Scientists have identified a growing problem in the Great Barrier Reef that is likely, they say, to be a cause for concern when considering the region’s health.
Rather than the increasing pressure of global warming affecting marine temperatures or the risk of acidification from carbon dioxide absorption by the ocean, a new study has uncovered a hitherto unknown impact on the reef’s health: groundwater.
The study by Southern Cross University, Gothenburg University (in Sweden), the Australian Institute of Marine Science (AIMS) and CSIRO, found unusually high proportions of nutrients in the Reef between Rockhampton and Cairns, originating via groundwater discharge.
When it comes to nutrients in aquatic and marine ecosystems, it is possible to have too much of a good thing.

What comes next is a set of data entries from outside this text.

lemma suffix_sum_argmax_cases:
  fixes g :: "nat \<Rightarrow> real"
  assumes max: "(\<Sum>i=kstar..n. g i) \<le> (\<Sum>i=K..n. g i)"
    and K: "K \<in> {1..n}" and kstar: "kstar \<in> {1..n}"
    and dev: "int \<alpha> < \<bar>int K - int kstar\<bar>"
  shows "(\<exists>m. \<alpha> \<le> m \<and> m \<le> length [kstar..<Suc n] \<and> 0 \<le> (\<Sum>i\<leftarrow>take m [kstar..<Suc n]. - g i))
       \<or> (\<exists>m. \<alpha> \<le> m \<and> m \<le> length (rev [1..<kstar]) \<and> 0 \<le> (\<Sum>i\<leftarrow>take m (rev [1..<kstar]). g i))"
proof -
  have split: "(\<Sum>i=l..n. g i) = (\<Sum>i=l..<u. g i) + (\<Sum>i=u..n. g i)" if "l \<le> u" "u \<le> Suc n" for l u
    using sum.atLeastLessThan_concat[of l u "Suc n" g] that
    by (simp add: atLeastLessThanSuc_atLeastAtMost)
  have list_sum: "(\<Sum>i\<leftarrow>[l..<u]. h i) = (\<Sum>i=l..<u. h i)" for h :: "nat \<Rightarrow> real" and l u
    by (simp add: interv_sum_list_conv_sum_set_nat)
  from dev consider "kstar + \<alpha> < K" | "K + \<alpha> < kstar"
    by linarith
  then show ?thesis
  proof cases
    case 1
    have "take (K - kstar) [kstar..<Suc n] = [kstar..<K]"
      using 1 K by simp
    moreover have "(\<Sum>i=kstar..<K. g i) \<le> 0"
      using max split[of kstar K] 1 K by simp
    ultimately have "0 \<le> (\<Sum>i\<leftarrow>take (K - kstar) [kstar..<Suc n]. - g i)"
      by (simp add: list_sum sum_negf)
    then show ?thesis
      using 1 K by (intro disjI1 exI[of _ "K - kstar"]) auto
  next
    case 2
    have "take (kstar - K) (rev [1..<kstar]) = rev [K..<kstar]"
      using 2 K by (simp add: take_rev)
    moreover have "0 \<le> (\<Sum>i=K..<kstar. g i)"
      using max split[of K kstar] 2 kstar by simp
    ultimately have "0 \<le> (\<Sum>i\<leftarrow>take (kstar - K) (rev [1..<kstar]). g i)"
      by (simp add: list_sum rev_map[symmetric] sum_list_rev)
    then show ?thesis
      using 2 K by (intro disjI2 exI[of _ "kstar - K"]) auto
  qed
qed

lemma cusum_deviation_subset:
  fixes h :: "'a \<Rightarrow> real" and khat :: "(nat \<Rightarrow> 'a) \<Rightarrow> nat"
  assumes kstar: "1 \<le> kstar" "kstar \<le> n"
    and khat_argmax: "\<And>y. khat y \<in> {1..n} \<and>
        (\<forall>k\<in>{1..n}. (\<Sum>i=k..n. h (y i)) \<le> (\<Sum>i=khat y..n. h (y i)))"
  shows "{y. int \<alpha> < \<bar>int (khat y) - int kstar\<bar>}
           \<subseteq> prefix_prod_event (\<lambda>z. exp (- h z / 2)) [kstar..<Suc n] \<alpha> 1
             \<union> prefix_prod_event (\<lambda>z. exp (h z / 2)) (rev [1..<kstar]) \<alpha> 1"
proof
  fix y assume "y \<in> {y. int \<alpha> < \<bar>int (khat y) - int kstar\<bar>}"
  then have dev: "int \<alpha> < \<bar>int (khat y) - int kstar\<bar>"
    by simp
  have "(\<Sum>i=kstar..n. h (y i)) \<le> (\<Sum>i=khat y..n. h (y i))"
    using khat_argmax[of y] kstar by auto
  then have "(\<exists>m. \<alpha> \<le> m \<and> m \<le> length [kstar..<Suc n] \<and> 0 \<le> (\<Sum>i\<leftarrow>take m [kstar..<Suc n]. - h (y i)))
           \<or> (\<exists>m. \<alpha> \<le> m \<and> m \<le> length (rev [1..<kstar]) \<and> 0 \<le> (\<Sum>i\<leftarrow>take m (rev [1..<kstar]). h (y i)))"
    using suffix_sum_argmax_cases[OF _ _ _ dev] khat_argmax[of y] kstar by simp
  then show "y \<in> prefix_prod_event (\<lambda>z. exp (- h z / 2)) [kstar..<Suc n] \<alpha> 1
                 \<union> prefix_prod_event (\<lambda>z. exp (h z / 2)) (rev [1..<kstar]) \<alpha> 1"
    unfolding prefix_prod_event_def prod_list_exp_half by simp
qed

lemma rr_cusum_deviation_prob_le:
  fixes P0 P1 :: "'a::finite pmf" and khat :: "(nat \<Rightarrow> 'a) \<Rightarrow> nat"
  assumes kstar: "1 \<le> kstar" "kstar \<le> n"
    and khat_argmax: "\<And>y. khat y \<in> {1..n} \<and>
        (\<forall>k\<in>{1..n}. rr_stat eps P0 P1 n y k \<le> rr_stat eps P0 P1 n y (khat y))"
  shows "measure_pmf.prob (rr_data eps P0 P1 n kstar)
           {\<omega>. int \<alpha> < \<bar>int (khat (snd \<circ> \<omega>)) - int kstar\<bar>}
         \<le> 2 * bhattacharyya (bind_pmf P0 (rr_pmf eps)) (bind_pmf P1 (rr_pmf eps)) ^ \<alpha>"
proof -
  define Q0 where "Q0 = bind_pmf P0 (rr_pmf eps)"
  define Q1 where "Q1 = bind_pmf P1 (rr_pmf eps)"
  define llr where "llr z = ln (pmf Q1 z / pmf Q0 z)" for z
  define Y where "Y = Pi_pmf {1..n} (snd (undefined :: 'a \<times> 'a)) (\<lambda>i. if i < kstar then Q0 else Q1)"
  define BC where "BC = bhattacharyya Q0 Q1"
  have pos: "0 < pmf Q0 z" "0 < pmf Q1 z" for z
    by (simp_all add: Q0_def Q1_def pmf_bind_rr_pmf rr_Q_pos)
  have BC: "0 \<le> BC" "BC \<le> 1"
    by (simp_all add: BC_def bhattacharyya_nonneg bhattacharyya_le_1)
  have outputs: "map_pmf (\<lambda>\<omega>. snd \<circ> \<omega>) (rr_data eps P0 P1 n kstar) = Y"
    unfolding Y_def Q0_def Q1_def by (rule rr_data_outputs)
  have stat: "rr_stat eps P0 P1 n y k = (\<Sum>i=k..n. llr (y i))" for y k
    by (simp add: rr_stat_def llr_def Q0_def Q1_def pmf_bind_rr_pmf)
  have "measure_pmf.prob (rr_data eps P0 P1 n kstar) {\<omega>. int \<alpha> < \<bar>int (khat (snd \<circ> \<omega>)) - int kstar\<bar>}
          = measure_pmf.prob Y {y. int \<alpha> < \<bar>int (khat y) - int kstar\<bar>}"
    unfolding outputs[symmetric] measure_map_pmf by (simp add: vimage_def)
  also have "\<dots> \<le> measure_pmf.prob Y (prefix_prod_event (\<lambda>z. exp (- llr z / 2)) [kstar..<Suc n] \<alpha> 1
                                 \<union> prefix_prod_event (\<lambda>z. exp (llr z / 2)) (rev [1..<kstar]) \<alpha> 1)"
    using kstar khat_argmax
    by (intro measure_pmf.finite_measure_mono cusum_deviation_subset) (auto simp: stat)
  also have "\<dots> \<le> measure_pmf.prob Y (prefix_prod_event (\<lambda>z. exp (- llr z / 2)) [kstar..<Suc n] \<alpha> 1)
                 + measure_pmf.prob Y (prefix_prod_event (\<lambda>z. exp (llr z / 2)) (rev [1..<kstar]) \<alpha> 1)"
    by (rule measure_subadditive) (simp_all add: measure_pmf.emeasure_eq_measure)
  also have "\<dots> \<le> 1 * BC ^ \<alpha> + 1 * BC ^ \<alpha>"
    unfolding Y_def
  proof (intro add_mono ville_Pi_pmf BC)
    show "(\<Sum>z\<in>UNIV. pmf (if i < kstar then Q0 else Q1) z * exp (- llr z / 2)) \<le> BC"
      if "i \<in> set [kstar..<Suc n]" for i
      using that bhattacharyya_eq_sum_exp_half_llr(1)[of Q0 Q1] pos by (simp add: BC_def llr_def del: upt_Suc)
    show "(\<Sum>z\<in>UNIV. pmf (if i < kstar then Q0 else Q1) z * exp (llr z / 2)) \<le> BC"
      if "i \<in> set (rev [1..<kstar])" for i
      using that bhattacharyya_eq_sum_exp_half_llr(2)[of Q0 Q1] pos by (simp add: BC_def llr_def)
  qed (use kstar in auto)
  finally show ?thesis
    by (simp add: BC_def Q0_def Q1_def)
qed

theorem corollary5p7:
  fixes P0 P1 :: "'a::finite pmf" and eps :: real and n kstar alpha :: nat
    and khat :: "(nat \<Rightarrow> 'a) \<Rightarrow> nat"
  assumes supp0: "set_pmf P0 = UNIV" and supp1: "set_pmf P1 = UNIV"
    and neq: "P0 \<noteq> P1"
    and eps: "eps > 0" and n: "n > 1"
    and kstar: "1 < kstar" "kstar \<le> n"
    and alpha: "alpha \<in> {1..n}"
    and khat_argmax: "\<And>y. khat y \<in> {1..n} \<and>
        (\<forall>k\<in>{1..n}. rr_stat eps P0 P1 n y k \<le> rr_stat eps P0 P1 n y (khat y))"
  shows "let q = real CARD('a);
             s = llr_range P0 P1;
             C = 2 * ((exp eps - 1) / (exp eps + q - 1))^2 * (tv_dist P0 P1)^2;
             s_r = min (2 * eps) (tanh (eps / 2) * s);
             t = exp (- real alpha * C^2 / s_r^2);
             M = (n - 1) div alpha
         in measure_pmf.prob (rr_data eps P0 P1 n kstar)
              {\<omega>. \<bar>int (khat (snd \<circ> \<omega>)) - int kstar\<bar> > int alpha}
            \<le> 2 * min (t * (1 - t ^ M) / (1 - t)) ((1 - C / 2) powr (real alpha / 2))"
proof -
  define x where "x = (exp eps - 1) / (exp eps + real CARD('a) - 1) * tv_dist P0 P1"
  define s_r where "s_r = min (2 * eps) (tanh (eps / 2) * llr_range P0 P1)"
  define t where "t = exp (- real alpha * (2 * x\<^sup>2)\<^sup>2 / s_r\<^sup>2)"
  define Pr where "Pr = measure_pmf.prob (rr_data eps P0 P1 n kstar)
                          {\<omega>. int alpha < \<bar>int (khat (snd \<circ> \<omega>)) - int kstar\<bar>}"
  have Pr_le: "Pr \<le> 2 * (1 - x\<^sup>2) powr (real alpha / 2)"
    using rr_cusum_deviation_prob_le[of kstar n khat eps P0 P1 alpha] kstar khat_argmax
      rr_bhattacharyya_pow_le[of eps P0 P1 alpha] eps
    by (simp add: Pr_def x_def)
  have main: "Pr \<le> 2 * min (t * (1 - t ^ ((n - 1) div alpha)) / (1 - t)) ((1 - x\<^sup>2) powr (real alpha / 2))"
  proof (cases "alpha = n")
    case True
    then have "\<not> int alpha < \<bar>int (khat y) - int kstar\<bar>" for y
      using khat_argmax[of y] kstar by auto
    then have "Pr = 0"
      by (simp add: Pr_def)
    then show ?thesis
      using True n by simp
  next
    case False
    have "0 < x" "x < 1"
      unfolding x_def using eps neq by (rule rr_gain_tv_dist_bounds)+
    moreover have "4 * x \<le> s_r"
      unfolding x_def s_r_def using supp0 supp1 neq eps by (intro four_rr_tv_dist_le) auto
    ultimately have "(1 - x\<^sup>2) powr (real alpha / 2) \<le> t * (1 - t ^ ((n - 1) div alpha)) / (1 - t)"
      unfolding t_def using alpha False by (intro powr_le_geometric_sum) (auto simp: Suc_le_eq div_greater_zero_iff)
    then show ?thesis
      using Pr_le by simp
  qed
  have C: "2 * ((exp eps - 1) / (exp eps + real CARD('a) - 1))\<^sup>2 * (tv_dist P0 P1)\<^sup>2 = 2 * x\<^sup>2"
    by (simp only: x_def power_mult_distrib mult.assoc)
  show ?thesis
    using main unfolding Let_def C s_r_def[symmetric] t_def[symmetric] Pr_def[symmetric] by simp
qed

end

Rather than simply providing conditions for growth and a functional ecosystem, excessive amounts of elements like nitrogen and phosphorous can lead to negative environmental outcomes, such as algal blooms, eutrophication (excessive algal growth) and promote growth of crown-of-thorns starfish, a deadly predator of juvenile corals. When excess nutrients are released into marine ecosystems, they have a polluting effect.
“It’s something that is a growing problem on the reef, too much nutrient, so it is something that needs to be managed,” says Dr Douglas Tait, a senior researcher at Southern Cross University who led the study published in Environmental Science & Technology.
Tait and his colleagues used radium isotope tracing to monitor nutrient proportions along the Great Barrier Reef. Radium occurs naturally in sediments and makes a good foundation for building a model to track flows of nutrients into the Reef via groundwater discharge.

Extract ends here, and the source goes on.